Het volgende artikel werd gepubliceerd in 'Profiel' (november 2011), het blaadje van mijn studentenvereniging NSA (Navigators Studentenvereniging Amsterdam), in de serie 'Academia - relevante inzichten uit de collegebanken'.
Afgelopen jaar kreeg ik een gastcollege van UvA-antropoloog Francio Guadeloupe, een op de Antillen geboren man met lange dunne dreadlocks die zijn presentatie begon met het tonen van de videoclip ‘Nah missing me’ van Caribische band Krosfyah.
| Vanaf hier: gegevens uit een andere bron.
lemma sum_linear_k_sin_closed:
  fixes h :: real
  shows "4 * sin h ^ 3 * (\<Sum>k=1..n. (real n - real k + 1) * (real k * sin (real k * (2 * h))))
       = sin h * (sin (2 * h) - (real n + 1) * sin ((2 * real n + 2) * h))
         + cos h * (cos (2 * h) - cos ((2 * real n + 2) * h))"
proof (induction n)
  case 0
  then show ?case by simp
next
  case (Suc n)
  define t where "t = (2 * real n + 2) * h"
  have "4 * sin h ^ 3 * (\<Sum>k=1..Suc n. (real (Suc n) - real k + 1)
                                         * (real k * sin (real k * (2 * h))))
      = 4 * sin h ^ 3 * (\<Sum>k=1..n. (real n - real k + 1) * (real k * sin (real k * (2 * h))))
        + sin h * (4 * sin h ^ 2 * (\<Sum>k=1..Suc n. real k * sin (real k * (2 * h))))"
    unfolding sum_linear_weight_Suc by (simp add: algebra_simps power3_eq_cube power2_eq_square)
  also have "\<dots> = sin h * (sin (2 * h) - (real n + 1) * sin t) + cos h * (cos (2 * h) - cos t)
                   + sin h * (cos h * sin (t + h) - (2 * real n + 3) * sin h * cos (t + h))"
    unfolding Suc.IH sum_k_sin_closed t_def by (simp add: algebra_simps)
  also have "\<dots> = sin h * (sin (2 * h) - (real n + 2) * sin (t + 2 * h))
                   + cos h * (cos (2 * h) - cos (t + 2 * h))"
    unfolding sin_add cos_add sin_double cos_double
    using sin_cos_squared_add[of h] by algebra
  also have "t + 2 * h = (2 * real (Suc n) + 2) * h"
    by (simp add: t_def algebra_simps)
  finally show ?case by simp
qed

text \<open>For x = 2h and m = 2n + 3, these are 8 sin^4 h times the sum and times the bound
  of the theorem.\<close>

definition scaled_sum :: "real \<Rightarrow> real \<Rightarrow> real" where
  "scaled_sum m h = m * sin h * (2 * cos h + cos (m * h)) - 3 * cos h * sin (m * h)"

definition scaled_bound :: "real \<Rightarrow> real" where
  "scaled_bound h = 32/9 * sin h ^ 5 * cos h * (4 * cos h ^ 2 - 1)^2"

lemma sum_quadratic_k_sin_closed:
  fixes h :: real
  shows "8 * sin h ^ 4 * (\<Sum>k=1..n. (real n - real k + 1) * (real n - real k + 2)
                                     * (real k * sin (real k * (2 * h))))
       = scaled_sum (2 * real n + 3) h"
proof (induction n)
  case 0
  have "h - 3 * h = - (2 * h)" by simp
  then have "sin h * cos (3 * h) - cos h * sin (3 * h) = - (2 * sin h * cos h)"
    by (metis sin_diff sin_minus sin_double)
  then show ?case by (simp add: scaled_sum_def algebra_simps)
next
  case (Suc n)
  define t where "t = (2 * real n + 3) * h"
  have "8 * sin h ^ 4 * (\<Sum>k=1..Suc n. (real (Suc n) - real k + 1) * (real (Suc n) - real k + 2)
                                         * (real k * sin (real k * (2 * h))))
      = 8 * sin h ^ 4 * (\<Sum>k=1..n. (real n - real k + 1) * (real n - real k + 2)
                                      * (real k * sin (real k * (2 * h))))
        + 4 * sin h * (4 * sin h ^ 3 * (\<Sum>k=1..Suc n. (real (Suc n) - real k + 1)
                                                     * (real k * sin (real k * (2 * h)))))"
    unfolding sum_quadratic_weight_Suc by (simp add: algebra_simps power3_eq_cube power4_eq_xxxx)
  also have "\<dots> = (2 * real n + 3) * sin h * (2 * cos h + cos t) - 3 * cos h * sin t
                   + 4 * sin h * (sin h * (sin (2 * h) - (real n + 2) * sin (t + h))
                                  + cos h * (cos (2 * h) - cos (t + h)))"
    unfolding Suc.IH sum_linear_k_sin_closed scaled_sum_def t_def by (simp add: algebra_simps)
  also have "\<dots> = (2 * real n + 5) * sin h * (2 * cos h + cos (t + 2 * h))
                   - 3 * cos h * sin (t + 2 * h)"
    unfolding sin_add cos_add sin_double cos_double
    using sin_cos_squared_add[of h] by algebra
  also have "t + 2 * h = (2 * real (Suc n) + 3) * h"
    by (simp add: t_def algebra_simps)
  finally show ?case by (simp add: scaled_sum_def)
qed

lemma cos_lower_taylor:
  fixes y :: real
  assumes "0 \<le> y"
  shows "1 - y^2 / 2 \<le> cos y"
proof -
  have "\<And>u. 0 \<le> u \<Longrightarrow> u \<le> y \<Longrightarrow>
      ((\<lambda>y. cos y - 1 + y^2 / 2) has_real_derivative (u - sin u)) (at u)"
    by (auto intro!: derivative_eq_intros simp: power2_eq_square)
  moreover have "\<And>u::real. 0 \<le> u \<Longrightarrow> 0 \<le> u - sin u"
    using sin_x_le_x by simp
  ultimately have "cos 0 - 1 + 0^2 / 2 \<le> cos y - 1 + y^2 / 2"
    by (intro DERIV_nonneg_imp_nondecreasing[OF assms]) blast
  then show ?thesis by simp
qed

lemma sin_lower_taylor:
  fixes y :: real
  assumes "0 \<le> y"
  shows "y - y^3 / 6 \<le> sin y"
proof -
  have "\<And>u. 0 \<le> u \<Longrightarrow> u \<le> y \<Longrightarrow>
      ((\<lambda>y. sin y - y + y^3 / 6) has_real_derivative (cos u - 1 + u^2 / 2)) (at u)"
    by (auto intro!: derivative_eq_intros simp: power2_eq_square)
  moreover have "\<And>u::real. 0 \<le> u \<Longrightarrow> 0 \<le> cos u - 1 + u^2 / 2"
    using cos_lower_taylor by fastforce
  ultimately have "sin 0 - 0 + 0^3 / 6 \<le> sin y - y + y^3 / 6"
    by (intro DERIV_nonneg_imp_nondecreasing[OF assms]) blast
  then show ?thesis by simp
qed

lemma cos_upper_taylor:
  fixes y :: real
  assumes "0 \<le> y"
  shows "cos y \<le> 1 - y^2 / 2 + y^4 / 24"
proof -
  have "\<And>u. 0 \<le> u \<Longrightarrow> u \<le> y \<Longrightarrow>
      ((\<lambda>y. 1 - y^2 / 2 + y^4 / 24 - cos y) has_real_derivative (sin u - u + u^3 / 6)) (at u)"
    by (auto intro!: derivative_eq_intros simp: power2_eq_square power3_eq_cube)
  moreover have "\<And>u::real. 0 \<le> u \<Longrightarrow> 0 \<le> sin u - u + u^3 / 6"
    using sin_lower_taylor by fastforce
  ultimately have "1 - 0^2 / 2 + 0^4 / 24 - cos 0 \<le> 1 - y^2 / 2 + y^4 / 24 - cos y"
    by (intro DERIV_nonneg_imp_nondecreasing[OF assms]) blast
  then show ?thesis by simp
qed

lemma sqrt_3_bounds: "1732 / 1000 \<le> sqrt 3" "sqrt 3 \<le> 17321 / 10000"
  by (rule real_le_rsqrt real_le_lsqrt; simp add: power2_eq_square)+

lemma pi_bounds: "31415 / 10000 \<le> pi" "pi \<le> 31416 / 10000"
  using pi_approx by simp_all

text \<open>For positive trace, the smaller eigenvalue of a symmetric 2x2 form is at least its
  determinant divided by its trace.\<close>

lemma quadratic_form_on_unit_circle:
  fixes a b c p q :: real
  assumes "p^2 + q^2 = 1"
  shows "a * c - b^2 \<le> (a + c) * (a * p^2 - 2 * b * p * q + c * q^2)"
proof -
  have "(a + c) * (a * p^2 - 2 * b * p * q + c * q^2) - (a * c - b^2)
      = (a * p - b * q)^2 + (c * q - b * p)^2"
    using assms by algebra
  then show ?thesis by (smt (verit) zero_le_power2)
qed

lemma four_cos_sq_minus_one_pi_third_minus:
  fixes e :: real
  shows "4 * cos (pi/3 - e)^2 - 1 = 2 * sin e ^ 2 + 2 * sqrt 3 * (cos e * sin e)"
proof -
  have "cos (pi/3 - e) = cos e / 2 + sqrt 3 / 2 * sin e"
    by (simp add: cos_diff cos_60 sin_60)
  moreover have "sqrt 3 ^ 2 = 3" by simp
  ultimately show ?thesis
    using sin_cos_squared_add[of e] by algebra
qed

lemma min_le_four_cos_sq_minus_one_pi_third_minus:
  fixes e :: real
  assumes e: "0 < e" "e < pi/3"
  shows "min (3 * e) (46/100) \<le> 4 * cos (pi/3 - e)^2 - 1"
proof -
  have S: "0 < sin e" and C: "1/2 \<le> cos e"
    using e cos_monotone_0_pi_le[of e "pi/3"] by (auto intro: sin_gt_zero simp: cos_60)
  have "2 * sqrt 3 * (cos e * sin e) \<le> 4 * cos (pi/3 - e)^2 - 1"
    unfolding four_cos_sq_minus_one_pi_third_minus by simp
  moreover have "min (3 * e) (46/100) \<le> 2 * sqrt 3 * (cos e * sin e)"
  proof (cases "e \<le> 3/10")
    case True
    have "e^2 \<le> (3/10)^2" using e True by (intro power_mono) auto
    then have "e^2 \<le> 9/100" by (simp add: power2_eq_square)
    moreover have "e^3 \<le> 9/100 * e"
      using calculation e by (simp add: power3_eq_cube power2_eq_square mult_right_mono)
    ultimately have "955/1000 \<le> cos e" and "985/1000 * e \<le> sin e"
      using cos_lower_taylor[of e] sin_lower_taylor[of e] e by linarith+
    then have "955/1000 * (985/1000 * e) \<le> cos e * sin e"
      using e by (intro mult_mono) auto
    then have "1732/1000 * (955/1000 * (985/1000 * e)) \<le> sqrt 3 * (cos e * sin e)"
      by (rule mult_mono[OF sqrt_3_bounds(1)]) (use e in auto)
    then show ?thesis using e by linarith
  next
    case False
    have "3/10 - (3/10)^3/6 \<le> sin (3/10::real)" by (rule sin_lower_taylor) simp
    also have "\<dots> \<le> sin e" using False e pi_bounds by (intro sin_monotone_2pi_le) auto
    finally have "1/2 * (2955/10000) \<le> cos e * sin e"
      using C by (intro mult_mono) (auto simp: power3_eq_cube)
    then have "1732/1000 * (1/2 * (2955/10000)) \<le> sqrt 3 * (cos e * sin e)"
      by (rule mult_mono[OF sqrt_3_bounds(1)]) auto
    then show ?thesis by linarith
  qed
  ultimately show ?thesis by linarith
qed

lemma two_n_plus_3_sin_ge:
  fixes n :: nat and h :: real
  assumes n: "2 \<le> n" and h: "h \<le> pi/2" and nh: "pi < 2 * real n * h"
  shows "28/10 \<le> (2 * real n + 3) * sin h"
proof -
  define y where "y = pi / (2 * real n)"
  have ny: "2 * real n * y = pi" using n by (simp add: y_def)
  have y: "0 < y" "y < h" "y \<le> pi/4"
    using n nh ny by (auto simp: y_def field_simps mult_less_cancel_left_pos)
  have "pi * (pi/4)^2 \<le> 31416/10000 * (31416/10000/4)^2"
    using pi_bounds by (intro mult_mono power_mono) auto
  then have "28/10 \<le> pi - pi * (pi/4)^2 / 6"
    using pi_bounds by (simp add: power2_eq_square)
  also have "\<dots> \<le> pi - pi * y^2 / 6"
    using y by (simp add: mult_left_mono power_mono)
  also have "\<dots> = 2 * real n * (y - y^3/6)"
    using ny by (simp add: power3_eq_cube power2_eq_square algebra_simps)
  also have "\<dots> \<le> 2 * real n * sin h"
  proof (intro mult_left_mono)
    have "y - y^3/6 \<le> sin y" using y by (intro sin_lower_taylor) simp
    also have "\<dots> \<le> sin h" using y h by (intro sin_monotone_2pi_le) auto
    finally show "y - y^3/6 \<le> sin h" .
  qed simp
  also have "\<dots> \<le> (2 * real n + 3) * sin h"
    using y h pi_bounds sin_ge_zero[of h] by (simp add: algebra_simps)
  finally show ?thesis .
qed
Hij gebruikte deze vrolijke introductie om te vertellen over zijn herinneringen aan het dansen op de Antillen, en vertelde dat ook in de beoefening van antropologie iedereen ‘zijn eigen manier moet vinden om te dansen’. Het college ging over ‘vergeten’ antropologen, zwarte antropologen in de eerste periode van de antropologie die niet in de standaard historische overzichten zijn terug te vinden.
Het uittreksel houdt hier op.